What the task requires: Repeat the stretch of entries below from the line with "(simp add: linear_conv_bounded_linear)" through the line with "k *v fd (sgd_iter". Include both ends and add nothing.

Material shown:
━━━━━━━━
lemma difference_quotient_tendsto:
  fixes g :: "'a::real_inner \<Rightarrow> real"
  assumes "(g has_derivative (\<lambda>h. D \<bullet> h)) (at \<theta>)"
  shows "(\<lambda>n. real (Suc n) * (g (\<theta> + (1 / real (Suc n)) *\<^sub>R b) - g \<theta>)) \<longlonglongrightarrow> D \<bullet> b"
proof -
  have "((\<lambda>t. \<theta> + t *\<^sub>R b) has_derivative (\<lambda>t. t *\<^sub>R b)) (at 0)"
    by (auto intro!: derivative_eq_intros)
  moreover have "(g has_derivative (\<lambda>h. D \<bullet> h)) (at (\<theta> + 0 *\<^sub>R b))" using assms by simp
  ultimately have "((\<lambda>t. g (\<theta> + t *\<^sub>R b)) has_derivative (\<lambda>t. D \<bullet> (t *\<^sub>R b))) (at 0)"
    by (rule has_derivative_compose)
  then have "DERIV (\<lambda>t. g (\<theta> + t *\<^sub>R b)) 0 :> D \<bullet> b"
    unfolding has_field_derivative_def by (simp add: mult.commute[of _ "D \<bullet> b"])
  then have "((\<lambda>h. (g (\<theta> + h *\<^sub>R b) - g \<theta>) / h) \<longlongrightarrow> D \<bullet> b) (at 0)"
    unfolding DERIV_def by simp
  moreover have "filterlim (\<lambda>n. 1 / real (Suc n)) (at 0) sequentially"
    using LIMSEQ_inverse_real_of_nat by (intro filterlim_atI) (auto simp: inverse_eq_divide)
  ultimately have "(\<lambda>n. (g (\<theta> + (1 / real (Suc n)) *\<^sub>R b) - g \<theta>) / (1 / real (Suc n))) \<longlonglongrightarrow> D \<bullet> b"
    by (rule filterlim_compose)
  then show ?thesis by (simp add: mult.commute)
qed

lemma borel_measurable_gradient_pair:
  fixes f :: "real^'p \<Rightarrow> 'x \<Rightarrow> real" and fd :: "real^'p \<Rightarrow> 'x \<Rightarrow> real^'p"
  assumes meas: "\<And>\<theta>. f \<theta> \<in> borel_measurable P"
    and deriv: "\<And>\<theta> x. x \<in> space P \<Longrightarrow> ((\<lambda>t. f t x) has_derivative (\<lambda>h. fd \<theta> x \<bullet> h)) (at \<theta>)"
  shows "(\<lambda>z. fd (fst z) (snd z)) \<in> borel_measurable (borel \<Otimes>\<^sub>M P)"
proof -
  have "continuous_on UNIV (\<lambda>\<theta>. f \<theta> x)" if "x \<in> space P" for x
    using deriv[OF that]
    by (intro continuous_at_imp_continuous_on ballI has_derivative_continuous) blast
  then have joint: "(\<lambda>z. f (fst z) (snd z)) \<in> borel_measurable (borel \<Otimes>\<^sub>M P)"
    using meas by (rule borel_measurable_caratheodory[rotated])
  show ?thesis
  proof (rule borel_measurable_euclidean_space[THEN iffD2], intro ballI)
    fix b :: "real^'p"
    let ?quot = "\<lambda>n z. real (Suc n)
      * (f (fst z + (1 / real (Suc n)) *\<^sub>R b) (snd z) - f (fst z) (snd z))"
    show "(\<lambda>z. fd (fst z) (snd z) \<bullet> b) \<in> borel_measurable (borel \<Otimes>\<^sub>M P)"
    proof (rule borel_measurable_LIMSEQ_metric)
      fix n
      have "(\<lambda>z::(real^'p) \<times> 'x. (fst z + (1 / real (Suc n)) *\<^sub>R b, snd z))
          \<in> measurable (borel \<Otimes>\<^sub>M P) (borel \<Otimes>\<^sub>M P)"
        by (intro measurable_Pair borel_measurable_add measurable_fst measurable_snd
            borel_measurable_scaleR borel_measurable_const)
      from measurable_compose[OF this joint]
      show "?quot n \<in> borel_measurable (borel \<Otimes>\<^sub>M P)"
        using joint by (intro borel_measurable_times borel_measurable_diff) auto
    next
      fix z :: "(real^'p) \<times> 'x"
      assume "z \<in> space (borel \<Otimes>\<^sub>M P)"
      then have "snd z \<in> space P" by (auto simp: space_pair_measure)
      then show "(\<lambda>n. ?quot n z) \<longlonglongrightarrow> fd (fst z) (snd z) \<bullet> b"
        by (intro difference_quotient_tendsto deriv)
    qed
  qed
qed

lemma sgd_iter_cong:
  assumes "\<And>i. 1 \<le> i \<Longrightarrow> i \<le> k \<Longrightarrow> Y i \<omega> = Y' i \<omega>'"
  shows "sgd_iter th0 Ms fd Y k \<omega> = sgd_iter th0 Ms fd Y' k \<omega>'"
  using assms by (induction k) auto

lemma borel_measurable_matrix_vector_mult: "(\<lambda>v. A *v v) \<in> borel_measurable borel"
  for A :: "real^'n^'m"
  by (intro borel_measurable_continuous_onI linear_continuous_on)
    (simp add: linear_conv_bounded_linear)

lemma measurable_sgd_iter:
  assumes fd: "(\<lambda>z. fd (fst z) (snd z)) \<in> borel_measurable (borel \<Otimes>\<^sub>M P)"
    and Y: "\<And>i. 1 \<le> i \<Longrightarrow> i \<le> k \<Longrightarrow> Y i \<in> measurable N P"
  shows "sgd_iter th0 Ms fd Y k \<in> borel_measurable N"
  using Y
proof (induction k)
  case (Suc k)
  have "(\<lambda>\<omega>. (sgd_iter th0 Ms fd Y k \<omega>, Y (Suc k) \<omega>)) \<in> measurable N (borel \<Otimes>\<^sub>M P)"
    using Suc by (intro measurable_Pair) auto
  from measurable_compose[OF this fd]
  have "(\<lambda>\<omega>. fd (sgd_iter th0 Ms fd Y k \<omega>) (Y (Suc k) \<omega>)) \<in> borel_measurable N" by simp
  then have "(\<lambda>\<omega>. Ms k *v fd (sgd_iter th0 Ms fd Y k \<omega>) (Y (Suc k) \<omega>)) \<in> borel_measurable N"
    by (rule measurable_compose[OF _ borel_measurable_matrix_vector_mult])
  with Suc show ?case by (simp add: borel_measurable_diff)
next
  case 0
  have "sgd_iter th0 Ms fd Y 0 = (\<lambda>_. th0)" by auto
  then show ?case by simp
qed

lemma (in prob_space) nn_integral_indep_var_pair:
  assumes ind: "indep_var N1 U N2 W" and h: "h \<in> borel_measurable (N1 \<Otimes>\<^sub>M N2)"
  shows "(\<integral>\<^sup>+\<omega>. h (U \<omega>, W \<omega>) \<partial>M) = (\<integral>\<^sup>+\<omega>. (\<integral>\<^sup>+\<omega>'. h (U \<omega>, W \<omega>') \<partial>M) \<partial>M)"
proof -
  have U: "U \<in> measurable M N1" and W: "W \<in> measurable M N2"
    using ind by (auto dest: indep_var_rv1 indep_var_rv2)
  define DU where "DU = distr M N1 U"
  define DW where "DW = distr M N2 W"
  interpret DW: prob_space DW unfolding DW_def by (rule prob_space_distr[OF W])
  have joint: "distr M (N1 \<Otimes>\<^sub>M N2) (\<lambda>\<omega>. (U \<omega>, W \<omega>)) = DU \<Otimes>\<^sub>M DW"
    using ind unfolding indep_var_distribution_eq DU_def DW_def by simp
  have "sets (DU \<Otimes>\<^sub>M DW) = sets (N1 \<Otimes>\<^sub>M N2)"
    unfolding DU_def DW_def by (intro sets_pair_measure_cong) auto
  then have h': "h \<in> borel_measurable (DU \<Otimes>\<^sub>M DW)"
    using h measurable_cong_sets by blast
  have inner: "(\<integral>\<^sup>+y. h (U \<omega>, y) \<partial>DW) = (\<integral>\<^sup>+\<omega>'. h (U \<omega>, W \<omega>') \<partial>M)" if "\<omega> \<in> space M" for \<omega>
  proof -
    have "U \<omega> \<in> space N1" using U that by (rule measurable_space)
    with h have "(\<lambda>y. h (U \<omega>, y)) \<in> borel_measurable N2"
      by (rule measurable_Pair2)
    then show ?thesis unfolding DW_def by (simp add: nn_integral_distr[OF W])
  qed
  have "(\<integral>\<^sup>+\<omega>. h (U \<omega>, W \<omega>) \<partial>M) = integral\<^sup>N (distr M (N1 \<Otimes>\<^sub>M N2) (\<lambda>\<omega>. (U \<omega>, W \<omega>))) h"
    using U W h by (intro nn_integral_distr[symmetric] measurable_Pair) auto
  also have "\<dots> = (\<integral>\<^sup>+u. (\<integral>\<^sup>+y. h (u, y) \<partial>DW) \<partial>DU)"
    unfolding joint by (rule DW.nn_integral_fst[OF h', symmetric])
  also have "\<dots> = (\<integral>\<^sup>+\<omega>. (\<integral>\<^sup>+y. h (U \<omega>, y) \<partial>DW) \<partial>M)"
    unfolding DU_def using DW.borel_measurable_nn_integral_fst[OF h']
    by (intro nn_integral_distr[OF U]) (simp add: DU_def)
  also have "\<dots> = (\<integral>\<^sup>+\<omega>. (\<integral>\<^sup>+\<omega>'. h (U \<omega>, W \<omega>') \<partial>M) \<partial>M)"
    using inner by (rule nn_integral_cong)
  finally show ?thesis .
qed

section \<open>The SGD recursion\<close>

locale sgd_setting = prob_space M
  for M :: "'w measure" +
  fixes P :: "'x measure"
    and X :: "nat \<Rightarrow> 'w \<Rightarrow> 'x"
    and f :: "real^'p \<Rightarrow> 'x \<Rightarrow> real"
    and fdot :: "real^'p \<Rightarrow> 'x \<Rightarrow> real^'p"
    and Fdot :: "real^'p \<Rightarrow> real^'p"
    and Ms :: "nat \<Rightarrow> real^'p^'p"
    and th0 :: "real^'p"
    and \<alpha> Flb C1 C2 C3 L :: real
  assumes P_prob: "prob_space P"
    and X_meas: "\<And>i. X i \<in> measurable M P"
    and X_dist: "\<And>i. i \<ge> 1 \<Longrightarrow> distr M P (X i) = P"
    and X_indep: "prob_space.indep_vars M (\<lambda>_. P) X {1..}"
    and f_diff: "\<And>\<theta> x. x \<in> space P \<Longrightarrow> ((\<lambda>t. f t x) has_derivative (\<lambda>h. fdot \<theta> x \<bullet> h)) (at \<theta>)"
    and fdot_meas: "\<And>\<theta>. fdot \<theta> \<in> borel_measurable P"
    and F_finite: "\<And>\<theta>. integrable P (f \<theta>)"
    and F_diff: "\<And>\<theta>. ((\<lambda>t. \<integral>x. f t x \<partial>P) has_derivative (\<lambda>h. Fdot \<theta> \<bullet> h)) (at \<theta>)"
    and alpha: "0 < \<alpha>" "\<alpha> \<le> 1"
    and P1: "\<And>k. sym_pos_def_mat (Ms k)"
    and P2: "summable (\<lambda>k. lambda_max (Ms (Suc k)) powr (1 + \<alpha>))"
    and P3: "filterlim (\<lambda>n. \<Sum>k=1..n. lambda_min (Ms k)) at_top at_top"
    and P4: "(\<lambda>k. lambda_max (Ms k) powr \<alpha> * cond_num (Ms k)) \<longlonglongrightarrow> 0"
    and A1: "\<And>\<theta>. (\<integral>x. f \<theta> x \<partial>P) \<ge> Flb"
    and A2: "\<And>\<theta>. has_bochner_integral P (fdot \<theta>) (Fdot \<theta>)"
    and A3b_const: "C1 \<ge> 0" "C2 \<ge> 0" "C3 \<ge> 1"
    and A3b: "\<And>\<theta>. (\<integral>\<^sup>+ x. ennreal ((norm (fdot \<theta> x))\<^sup>2) \<partial>P)
                 \<le> ennreal (C1 + C2 * ((\<integral>x. f \<theta> x \<partial>P) - Flb) + C3 * (norm (Fdot \<theta>))\<^sup>2)"
    and A4b: "L > 0" "\<And>\<phi>1 \<phi>2. norm (Fdot \<phi>1 - Fdot \<phi>2) \<le> L * norm (\<phi>1 - \<phi>2) powr \<alpha>"
begin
━━━━━━━━
Exercise answer:
    (simp add: linear_conv_bounded_linear)

lemma measurable_sgd_iter:
  assumes fd: "(\<lambda>z. fd (fst z) (snd z)) \<in> borel_measurable (borel \<Otimes>\<^sub>M P)"
    and Y: "\<And>i. 1 \<le> i \<Longrightarrow> i \<le> k \<Longrightarrow> Y i \<in> measurable N P"
  shows "sgd_iter th0 Ms fd Y k \<in> borel_measurable N"
  using Y
proof (induction k)
  case (Suc k)
  have "(\<lambda>\<omega>. (sgd_iter th0 Ms fd Y k \<omega>, Y (Suc k) \<omega>)) \<in> measurable N (borel \<Otimes>\<^sub>M P)"
    using Suc by (intro measurable_Pair) auto
  from measurable_compose[OF this fd]
  have "(\<lambda>\<omega>. fd (sgd_iter th0 Ms fd Y k \<omega>) (Y (Suc k) \<omega>)) \<in> borel_measurable N" by simp
  then have "(\<lambda>\<omega>. Ms k *v fd (sgd_iter th0 Ms fd Y k \<omega>) (Y (Suc k) \<omega>)) \<in> borel_measurable N"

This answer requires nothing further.